It is also fascinating to me that Apple is beating its own estimates on Apple watch orders. I wasn’t sure anyone but the diehards would really want one but it seems to have struck a nerve with the public. Almost a million were pre-ordered the first day.

In another interesting turn of events, at least some in the world think a deal will be made with Iran on its nuclear activities. Investors, according to the Iranian press, have started to approach Iran about investments in their stock market, including some Americans.

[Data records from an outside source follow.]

lemma limit_on_insert:
  assumes lim: "limit_on F S h I" and fin: "finite S" and z: "z \<notin> S"
  obtains b J where "limit_on F (insert z S) (h(z := b)) J"
proof -
  from lim have "infinite I" by (simp add: limit_on_def)
  then obtain J where J: "J \<subseteq> I" "infinite J" "\<forall>x\<in>S. settles (\<lambda>k. F k z - F k x) J"
    by (rule infinite_settling_subset_finite[OF fin, where u = "\<lambda>x k. F k z - F k x"])
  have limJ: "limit_on F S h J" using limit_on_subset[OF order_refl J(1,2) lim] .
  obtain b where "\<forall>x\<in>S. limit_rel (h x) b (\<lambda>k. F k z - F k x) J"
  proof (cases "\<exists>x0\<in>S. \<exists>d. \<forall>k\<in>J. F k z - F k x0 = d")
    case True
    then obtain x0 d where "x0 \<in> S" "\<forall>k\<in>J. F k z - F k x0 = d" by blast
    from limit_point_in_copy[OF limJ this] show ?thesis by (rule that)
  next
    case False
    then have "\<forall>x\<in>S. tends_up (\<lambda>k. F k z - F k x) J \<or> tends_down (\<lambda>k. F k z - F k x) J"
      using J(3) unfolding settles_def by blast
    then show ?thesis by (rule limit_point_new_copy[OF limJ fin]) (rule that)
  qed
  from limit_on_insertI[OF limJ z this] show ?thesis by (rule that)
qed

text \<open>The limit is built by a diagonal argument: the integers are enumerated via
  \<open>int_decode\<close> and added one at a time, each time passing to a further infinite subsequence.\<close>

lemma limit_exists:
  fixes F :: "nat \<Rightarrow> int \<Rightarrow> int"
  obtains h where "\<And>S. finite S \<Longrightarrow> \<exists>I. limit_on F S h I"
proof -
  define E where "E n = int_decode ` {..<n}" for n
  have E_Suc: "E (Suc n) = insert (int_decode n) (E n)" for n
    by (simp add: E_def lessThan_Suc)
  have E_fresh: "int_decode n \<notin> E n" for n
    by (auto simp: E_def dest: arg_cong[of _ _ int_encode])
  have "\<exists>g. \<forall>n. limit_on F (E n) (fst (g n)) (snd (g n))
              \<and> (\<forall>x\<in>E n. fst (g (Suc n)) x = fst (g n) x)"
  proof (rule dependent_nat_choice)
    show "\<exists>p. limit_on F (E 0) (fst p) (snd p)"
      by (rule exI[of _ "(h0, UNIV)"]) (simp add: limit_on_def E_def)
  next
    fix p n assume "limit_on F (E n) (fst p) (snd p)"
    then obtain b J where "limit_on F (insert (int_decode n) (E n)) ((fst p)(int_decode n := b)) J"
      using limit_on_insert[OF _ _ E_fresh] by (metis E_def finite_imageI finite_lessThan)
    then show "\<exists>p'. limit_on F (E (Suc n)) (fst p') (snd p') \<and> (\<forall>x\<in>E n. fst p' x = fst p x)"
      using E_fresh by (intro exI[of _ "((fst p)(int_decode n := b), J)"]) (auto simp: E_Suc)
  qed
  then obtain g where g: "\<And>n. limit_on F (E n) (fst (g n)) (snd (g n))"
    and g_Suc: "\<And>n x. x \<in> E n \<Longrightarrow> fst (g (Suc n)) x = fst (g n) x" by blast
  define h where "h x = fst (g (Suc (int_encode x))) x" for x
  have stable: "fst (g m) x = fst (g n) x" if "n \<le> m" and x: "x \<in> E n" for m n x
    using \<open>n \<le> m\<close>
  proof (induction m rule: dec_induct)
    case (step m)
    then show ?case using g_Suc[of x m] x by (auto simp: E_def)
  qed simp
  have "fst (g n) x = h x" if x: "x \<in> E n" for n x
  proof -
    obtain j where "j < n" "x = int_decode j" using x by (auto simp: E_def)
    then show ?thesis using stable[of "Suc j" n x] by (simp add: h_def E_Suc)
  qed
  then have lim: "limit_on F (E n) h (snd (g n))" for n using g limit_on_cong by metis
  have "\<exists>I. limit_on F S h I" if S: "finite S" for S
  proof -
    obtain n where "\<forall>j\<in>int_encode ` S. j < n" using S finite_nat_set_iff_bounded by blast
    then have "S \<subseteq> E n" by (force simp: E_def image_iff)
    then show ?thesis using limit_on_subset[OF _ order_refl _ lim] lim by (meson limit_on_def)
  qed
  then show ?thesis using that by blast
qed

section \<open>The limit is a homomorphism into \<open>\<rat>.\<Gamma>\<close>\<close>

lemma limit_rel_clip:
  assumes "limit_rel p q u I"
  shows "finite {k\<in>I. clip N (u k) \<noteq> qz_gap N p q}"
proof -
  consider "fst p = fst q" | "fst p < fst q" | "fst q < fst p" by fastforce
  then show ?thesis
  proof cases
    case 1
    then have "{k\<in>I. clip N (u k) \<noteq> qz_gap N p q} = {}" using assms by (auto simp: limit_rel_def qz_gap_def)
    then show ?thesis by (metis finite.emptyI)
  next
    case 2
    then have "{k\<in>I. clip N (u k) \<noteq> qz_gap N p q} \<subseteq> {k\<in>I. u k \<le> int N}"
      by (auto simp: qz_gap_def clip_def)
    moreover have "finite {k\<in>I. u k \<le> int N}" using assms 2 by (simp add: limit_rel_def tends_up_def)
    ultimately show ?thesis by (rule finite_subset)
  next
    case 3
    then have "{k\<in>I. clip N (u k) \<noteq> qz_gap N p q} \<subseteq> {k\<in>I. - u k \<le> int N}"
      by (auto simp: qz_gap_def clip_def)
    moreover have "finite {k\<in>I. - u k \<le> int N}"
      using assms 3 by (simp add: limit_rel_def tends_down_def tends_up_def)
    ultimately show ?thesis by (rule finite_subset)
  qed
qed
lemma eps_bar_pos: "0 < eps_bar"
  unfolding eps_bar_def using \<kappa>_bounds q1_bounds q2_bounds constants_pos
  by (simp add: add_pos_pos)

lemma eps_bar_bounds:
  assumes "0 < \<epsilon>" "\<epsilon> < eps_bar"
  shows "\<epsilon> * \<kappa> \<le> 1" "\<epsilon> * (c1 * real CARD('n) + \<gamma> * real CARD('n) ^ 2) \<le> (1 - q1) / 4"
    "\<epsilon> \<le> (1 - q2) / 4" "\<epsilon> * (c1 + \<gamma> * real CARD('n)) \<le> \<delta> * (1 - q2) / 4"
proof -
  have pos: "0 < c1 * real CARD('n) + \<gamma> * real CARD('n) ^ 2" "0 < c1 + \<gamma> * real CARD('n)"
    using constants_pos by (simp_all add: add_pos_pos)
  have "\<epsilon> \<le> 1 / \<kappa>" "\<epsilon> \<le> (1 - q1) / (4 * (c1 * real CARD('n) + \<gamma> * real CARD('n) ^ 2))"
    "\<epsilon> \<le> (1 - q2) / 4" "\<epsilon> \<le> \<delta> * (1 - q2) / (4 * (c1 + \<gamma> * real CARD('n)))"
    using assms(2) by (simp_all add: eps_bar_def)
  then show "\<epsilon> * \<kappa> \<le> 1" "\<epsilon> * (c1 * real CARD('n) + \<gamma> * real CARD('n) ^ 2) \<le> (1 - q1) / 4"
    "\<epsilon> \<le> (1 - q2) / 4" "\<epsilon> * (c1 + \<gamma> * real CARD('n)) \<le> \<delta> * (1 - q2) / 4"
    using \<kappa>_bounds pos by (simp_all add: field_simps)
qed

lemma rate_bounds: "0 \<le> rate \<epsilon>" "0 < \<epsilon> \<Longrightarrow> rate \<epsilon> < 1"
  using q1_bounds q2_bounds \<kappa>_bounds by (simp_all add: rate_def le_max_iff_disj)

lemma P_contraction: "orbit_sum osc (matvec P) K1 (matvec P x) \<le> q1 * orbit_sum osc (matvec P) K1 x"
  unfolding q1_def by (rule osc_orbit_sum_contraction[OF P K1])

lemma S_contraction:
  "sum y UNIV = 0 \<Longrightarrow> orbit_sum l1_norm (matvec S) K2 (matvec S y) \<le> q2 * orbit_sum l1_norm (matvec S) K2 y"
  unfolding q2_def by (rule l1_orbit_sum_contraction[OF S K2])

lemma wavg_matvec_P: "wavg \<pi> (matvec P x) = wavg \<pi> x"
proof -
  have "wavg \<pi> (matvec P x) = (\<Sum>j\<in>UNIV. matvec (\<lambda>i j. P j i) \<pi> j * x j)"
    unfolding wavg_def matvec_def sum_distrib_left sum_distrib_right
    by (subst sum.swap) (simp add: mult_ac)
  then show ?thesis
    using \<pi>(2) by (simp add: wavg_def)
qed

lemma matvec_P_center: "matvec P (center \<pi> x) i = matvec P x i - wavg \<pi> x"
  by (simp add: center_def[abs_def] matvec_diff matvec_const[OF P])

lemma matvec_S_excess: "matvec S (excess w s) i = matvec S s i - sum s UNIV * w i"
  using fun_cong[OF w(2), of i] by (simp add: excess_def[abs_def] matvec_diff matvec_scale)

lemma mass_conservation: "sum (x_step \<epsilon> x s) UNIV + sum (s_step \<epsilon> x s) UNIV = sum x UNIV + sum s UNIV"
  by (simp add: x_step_def[abs_def] s_step_def[abs_def] sum.distrib sum_subtractf sum_matvec[OF S]
      flip: sum_distrib_left)

lemma wavg_x_step: "wavg \<pi> (x_step \<epsilon> x s) = wavg \<pi> x + \<epsilon> * wavg \<pi> s"
  by (simp add: x_step_def[abs_def] wavg_add wavg_scale wavg_matvec_P)

lemma center_x_step:
  "center \<pi> (x_step \<epsilon> x s) = (\<lambda>i. matvec P (center \<pi> x) i + \<epsilon> * center \<pi> s i)"
  by (simp add: fun_eq_iff center_def wavg_x_step matvec_P_center x_step_def algebra_simps)

lemma excess_s_step:
  "excess w (s_step \<epsilon> x s)
     = (\<lambda>i. matvec S (excess w s) i + (- \<epsilon> * excess w s i + excess w (\<lambda>j. x j - matvec P x j) i))"
proof -
  let ?v = "\<lambda>j. x j - matvec P x j"
  have sum_s: "sum (s_step \<epsilon> x s) UNIV = sum ?v UNIV + sum s UNIV - \<epsilon> * sum s UNIV"
    by (simp add: s_step_def[abs_def] sum.distrib sum_subtractf sum_matvec[OF S] flip: sum_distrib_left)
  show ?thesis
    unfolding fun_eq_iff matvec_S_excess excess_def[of w "s_step \<epsilon> x s"] sum_s
      excess_def[of w s] excess_def[of w ?v]
    by (simp add: s_step_def algebra_simps)
qed

lemma mass_gap_step:
  "mass_gap \<pi> (x_step \<epsilon> x s) (s_step \<epsilon> x s) = mass_gap \<pi> x s - real CARD('n) * \<epsilon> * wavg \<pi> s"
  unfolding mass_gap_def mass_conservation wavg_x_step by (simp add: algebra_simps)

lemma osc_le_lyap_x: "osc x \<le> lyap_x x"
  using le_orbit_sum[where f = osc and T = "matvec P", OF osc_nonneg K1(1), of "center \<pi> x"]
  by (simp add: lyap_x_def osc_center)

lemma l1_norm_excess_le_lyap_s: "l1_norm (excess w s) \<le> lyap_s s"
  using le_orbit_sum[where f = l1_norm and T = "matvec S", OF l1_norm_nonneg K2(1)]
  by (simp add: lyap_s_def)

lemma lyap_parts_nonneg: "0 \<le> lyap_x x" "0 \<le> lyap_s s"
  by (simp_all add: lyap_x_def lyap_s_def orbit_sum_nonneg osc_nonneg l1_norm_nonneg)

lemma abs_sum_center_le: "\<bar>sum (center \<pi> x) UNIV\<bar> \<le> real CARD('n) * lyap_x x"
proof -
  have "\<bar>sum (center \<pi> x) UNIV\<bar> \<le> real CARD('n) * osc x"
    using abs_sum_le_l1_norm l1_norm_center_le[OF \<pi>(1)] by (rule order_trans)
  also have "\<dots> \<le> real CARD('n) * lyap_x x"
    by (intro mult_left_mono osc_le_lyap_x) simp
  finally show ?thesis .
qed

lemma l1_norm_s_le: "l1_norm s \<le> lyap_s s + \<bar>mass_gap \<pi> x s\<bar> + real CARD('n) * lyap_x x"
proof -
  have "l1_norm s \<le> l1_norm (excess w s) + l1_norm (\<lambda>i. sum s UNIV * w i)"
    using l1_norm_add[of "excess w s" "\<lambda>i. sum s UNIV * w i"] by (simp flip: excess_decomposition)
  also have "l1_norm (\<lambda>i. sum s UNIV * w i) = \<bar>sum s UNIV\<bar>"
    by (simp add: l1_norm_scale l1_norm_prob_vector[OF w(1)])
  also have "sum s UNIV = mass_gap \<pi> x s - sum (center \<pi> x) UNIV"
    by (simp add: mass_gap_center)
  finally show ?thesis
    using l1_norm_excess_le_lyap_s[of s] abs_sum_center_le[of x] by linarith
qed

lemma lyap_x_step:
  assumes "0 \<le> \<epsilon>"
  shows "lyap_x (x_step \<epsilon> x s) \<le> q1 * lyap_x x + \<epsilon> * c1 * l1_norm s"
proof -
  let ?L = "orbit_sum osc (matvec P) K1"
  have split: "lyap_x (x_step \<epsilon> x s) \<le> ?L (matvec P (center \<pi> x)) + ?L (\<lambda>i. \<epsilon> * center \<pi> s i)"
    unfolding lyap_x_def center_x_step by (rule orbit_sum_matvec_add[OF osc_add])
  have "?L (\<lambda>i. \<epsilon> * center \<pi> s i) \<le> \<epsilon> * ?L (center \<pi> s)"
    using orbit_sum_matvec_scale[where f = osc and c = \<epsilon> and Q = P and K = K1 and x = "center \<pi> s",
        OF osc_scale_le] assms by simp
  also have "\<dots> \<le> \<epsilon> * (K1 * osc (center \<pi> s))"
    by (intro mult_left_mono orbit_sum_le osc_matvec_power_le[OF P] assms)
  also have "\<dots> \<le> \<epsilon> * (K1 * (2 * l1_norm s))"
    using osc_le_l1_norm[of s] assms by (intro mult_left_mono) (simp_all add: osc_center)
  finally show ?thesis
    using split P_contraction[of "center \<pi> x"] by (simp add: lyap_x_def c1_def mult_ac)
qed

lemma lyap_injection_le:
  "orbit_sum l1_norm (matvec S) K2 (excess w (\<lambda>j. x j - matvec P x j)) \<le> c2 * lyap_x x"
proof -
  let ?v = "\<lambda>j. x j - matvec P x j"
  let ?r = "excess w ?v"
  have "l1_norm ?v \<le> (\<Sum>j::'n\<in>UNIV. osc x)"
    unfolding l1_norm_def by (intro sum_mono abs_diff_matvec_le_osc[OF P])
  then have "l1_norm ?r \<le> 2 * (real CARD('n) * osc x)"
    using l1_norm_excess_le[OF w(1), of ?v] by simp
  also have "\<dots> \<le> 2 * (real CARD('n) * lyap_x x)"
    using osc_le_lyap_x[of x] by simp
  finally have "K2 * l1_norm ?r \<le> K2 * (2 * (real CARD('n) * lyap_x x))"
    by (rule mult_left_mono) simp
  then have "K2 * l1_norm ?r \<le> c2 * lyap_x x"
    by (simp add: c2_def mult_ac)
  moreover have "orbit_sum l1_norm (matvec S) K2 ?r \<le> K2 * l1_norm ?r"
    by (intro orbit_sum_le l1_norm_matvec_power_le[OF S])
  ultimately show ?thesis
    by linarith
qed

lemma lyap_s_step:
  assumes "0 \<le> \<epsilon>"
  shows "lyap_s (s_step \<epsilon> x s) \<le> (q2 + \<epsilon>) * lyap_s s + c2 * lyap_x x"
proof -
  let ?L = "orbit_sum l1_norm (matvec S) K2" and ?v = "\<lambda>j. x j - matvec P x j"
  let ?r = "excess w ?v"
  have "?L (\<lambda>i. matvec S (excess w s) i + (- \<epsilon> * excess w s i + ?r i))
      \<le> ?L (matvec S (excess w s)) + ?L (\<lambda>i. - \<epsilon> * excess w s i + ?r i)"
    by (rule orbit_sum_matvec_add[OF l1_norm_add])
  moreover have "?L (\<lambda>i. - \<epsilon> * excess w s i + ?r i) \<le> ?L (\<lambda>i. - \<epsilon> * excess w s i) + ?L ?r"
    by (rule orbit_sum_matvec_add[OF l1_norm_add])
  ultimately have split: "lyap_s (s_step \<epsilon> x s)
      \<le> ?L (matvec S (excess w s)) + (?L (\<lambda>i. - \<epsilon> * excess w s i) + ?L ?r)"
    unfolding lyap_s_def excess_s_step by linarith
  have "?L (\<lambda>i. - \<epsilon> * excess w s i) \<le> \<epsilon> * lyap_s s"
    using orbit_sum_matvec_scale[where f = l1_norm and c = "- \<epsilon>" and Q = S and K = K2 and x = "excess w s",
        OF eq_refl[OF l1_norm_scale]] assms
    by (simp add: lyap_s_def)
  moreover have "?L (matvec S (excess w s)) \<le> q2 * lyap_s s"
    unfolding lyap_s_def by (rule S_contraction[OF sum_excess[OF w(1)]])
  moreover have "?L ?r \<le> c2 * lyap_x x"
    by (rule lyap_injection_le)
  ultimately show ?thesis
    using split by (simp add: algebra_simps)
qed

text \<open>The surplus is \<open>excess w s\<close> plus \<open>(sum s) w\<close>, and \<open>sum s\<close> equals the mass gap up to the small
  term \<open>sum (center \<pi> x)\<close>; this component of the surplus pulls the gap towards zero at rate \<open>\<epsilon>\<kappa>\<close>.\<close>

lemma mass_gap_step_bound:
  assumes "0 \<le> \<epsilon>" "\<epsilon> * \<kappa> \<le> 1"
  shows "\<bar>mass_gap \<pi> (x_step \<epsilon> x s) (s_step \<epsilon> x s)\<bar>
           \<le> (1 - \<epsilon> * \<kappa>) * \<bar>mass_gap \<pi> x s\<bar>
              + real CARD('n) * \<epsilon> * (lyap_s s + real CARD('n) * lyap_x x)"
proof -
  let ?g = "mass_gap \<pi> x s" and ?t = "sum (center \<pi> x) UNIV" and ?n = "real CARD('n)"
  have ws: "wavg \<pi> s = wavg \<pi> (excess w s) + (?g - ?t) * wavg \<pi> w"
    by (simp add: wavg_excess mass_gap_center)
  have gap: "mass_gap \<pi> (x_step \<epsilon> x s) (s_step \<epsilon> x s)
               = (1 - \<epsilon> * \<kappa>) * ?g - ?n * \<epsilon> * wavg \<pi> (excess w s) + \<epsilon> * \<kappa> * ?t"
    unfolding mass_gap_step ws by (simp add: \<kappa>_def algebra_simps)
  have e: "\<bar>wavg \<pi> (excess w s)\<bar> \<le> lyap_s s"
    using abs_wavg_le_l1_norm[OF \<pi>(1)] l1_norm_excess_le_lyap_s order_trans by blast
  have "\<bar>\<kappa> * ?t\<bar> = \<kappa> * \<bar>?t\<bar>"
    using \<kappa>_bounds by (simp add: abs_mult)
  also have "\<dots> \<le> ?n * (?n * lyap_x x)"
    using \<kappa>_bounds abs_sum_center_le[of x] by (intro mult_mono) simp_all
  finally have t: "\<bar>\<kappa> * ?t\<bar> \<le> ?n * (?n * lyap_x x)" .
  have tri: "\<bar>a - b + c\<bar> \<le> \<bar>a\<bar> + \<bar>b\<bar> + \<bar>c\<bar>" for a b c :: real
    by linarith
  have "\<bar>mass_gap \<pi> (x_step \<epsilon> x s) (s_step \<epsilon> x s)\<bar>
          \<le> (1 - \<epsilon> * \<kappa>) * \<bar>?g\<bar> + ?n * \<epsilon> * \<bar>wavg \<pi> (excess w s)\<bar> + \<epsilon> * \<bar>\<kappa> * ?t\<bar>"
    unfolding gap using tri[of "(1 - \<epsilon> * \<kappa>) * ?g" "?n * \<epsilon> * wavg \<pi> (excess w s)" "\<epsilon> * (\<kappa> * ?t)"] assms
    by (simp add: abs_mult mult.assoc)
  also have "\<dots> \<le> (1 - \<epsilon> * \<kappa>) * \<bar>?g\<bar> + ?n * \<epsilon> * lyap_s s + \<epsilon> * (?n * (?n * lyap_x x))"
    using e t assms by (intro add_mono mult_left_mono order_refl) simp_all
  finally show ?thesis
    by (simp add: algebra_simps)
qed

lemma lyap_parts_le_lyap:
  "lyap_x x \<le> lyap x s" "\<delta> * lyap_s s \<le> lyap x s" "\<gamma> * \<bar>mass_gap \<pi> x s\<bar> \<le> lyap x s"
  using lyap_parts_nonneg constants_pos by (simp_all add: lyap_def)

lemma abs_excess_le_lyap: "\<delta> * \<bar>excess w s i\<bar> \<le> lyap x s"
proof -
  have "\<bar>excess w s i\<bar> \<le> lyap_s s"
    using abs_le_l1_norm[of "excess w s" i] l1_norm_excess_le_lyap_s[of s] by linarith
  then show ?thesis
    using lyap_parts_le_lyap(2)[where x = x and s = s] constants_pos
    by (meson less_imp_le mult_left_mono order_trans)
qed

lemma lyap_nonneg: "0 \<le> lyap x s"
  using lyap_parts_le_lyap(1)[of x s] lyap_parts_nonneg(1)[of x] by linarith

lemma rate_ge: "1 - (1 - q1) / 4 \<le> rate \<epsilon>" "1 - (1 - q2) / 2 \<le> rate \<epsilon>" "1 - \<epsilon> * \<kappa> / 2 \<le> rate \<epsilon>"
  by (simp_all add: rate_def)

text \<open>The weights of the Lyapunov function: \<open>\<delta>\<close> is small enough that the \<open>O(1)\<close> coupling \<open>c2\<close> from the
  states into the surplus is absorbed by the contraction of the states, and \<open>\<gamma>\<close> is large enough that
  the \<open>O(\<epsilon>)\<close> coupling \<open>c1\<close> from the mass gap into the states is absorbed by the slow decay \<open>1 - \<epsilon>\<kappa>\<close> of
  the mass gap.\<close>

lemma lyap_weights: "\<delta> * c2 \<le> (1 - q1) / 2" "\<gamma> * \<kappa> = 2 * c1"
proof -
  have "\<delta> * c2 = (1 - q1) / 2 * (c2 / (c2 + 1))"
    using constants_pos by (simp add: \<delta>_def field_simps)
  also have "\<dots> \<le> (1 - q1) / 2"
    using q1_bounds constants_pos by (intro mult_left_le) simp_all
  finally show "\<delta> * c2 \<le> (1 - q1) / 2" .
  show "\<gamma> * \<kappa> = 2 * c1"
    using \<kappa>_bounds by (simp add: \<gamma>_def)
qed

John Boehner is touting “titanic” reform he hopes to bring to Medicare [something I am suspicious of from the get-go] but he is using gifs from the movie “Titanic” to explain his reform. I find that confusing and a little off-putting. May be a little amusing.

Right now the train is slowly rolling through a patch of woods, struggling to catch the spirit of spring and turn to green. Sharp shadows play across the landscape and with a springy step; I look forward to arriving in New York.

Letter From New York 04 11 15 After a pause…

April 11, 2015

Yesterday, there was no Letter From New York. As the afternoon wore on, I felt pensive and uninspired. My mind was full of thoughts from my lunch with Isaac Phillips, a young entrepreneur whom I had met at a New York Video Meet-up. He is working on several apps and is whip smart in technology.

We had a wide ranging conversation about technology and then the general state of the world. After Isaac departed, I stayed and answered a couple of texts. Feeling discouraged about the state of the world based on my conversations with Isaac, I couldn’t seem to motivate my mind to move my fingers for a blog post.

Even though the day was grey, damp, and chill in New York, I had entered it with a good attitude and was feeling upbeat about most things. But if you look out on the global landscape, it’s hard to be upbeat. And I was thinking globally yesterday.

Today, I am thinking very locally. Tomorrow my friends Lionel and Pierre will be driving off to Baltimore so that Lionel can start his new job with AOL’s Ad Tech group. Tonight, I am having several neighbors over for a little farewell splash at the cottage so I need to be organized and moving today.

Falling asleep early last night, I woke early and decided to get my morning coffee, peruse the Times and do a blog early, so that it wouldn’t be on my mind as I prep for this evening’s serious nibbles and drinks.

While Lionel and Pierre have only been living across the street for eighteen months, they have been regular visitors at the cottage since the very beginning. Having them across the street brought another layer of security and hominess to this little neighborhood in Claverack. They hope to get up on a monthly basis and I am going to attempt to get down on a monthly basis to see them but it won’t be the same as having them in residence.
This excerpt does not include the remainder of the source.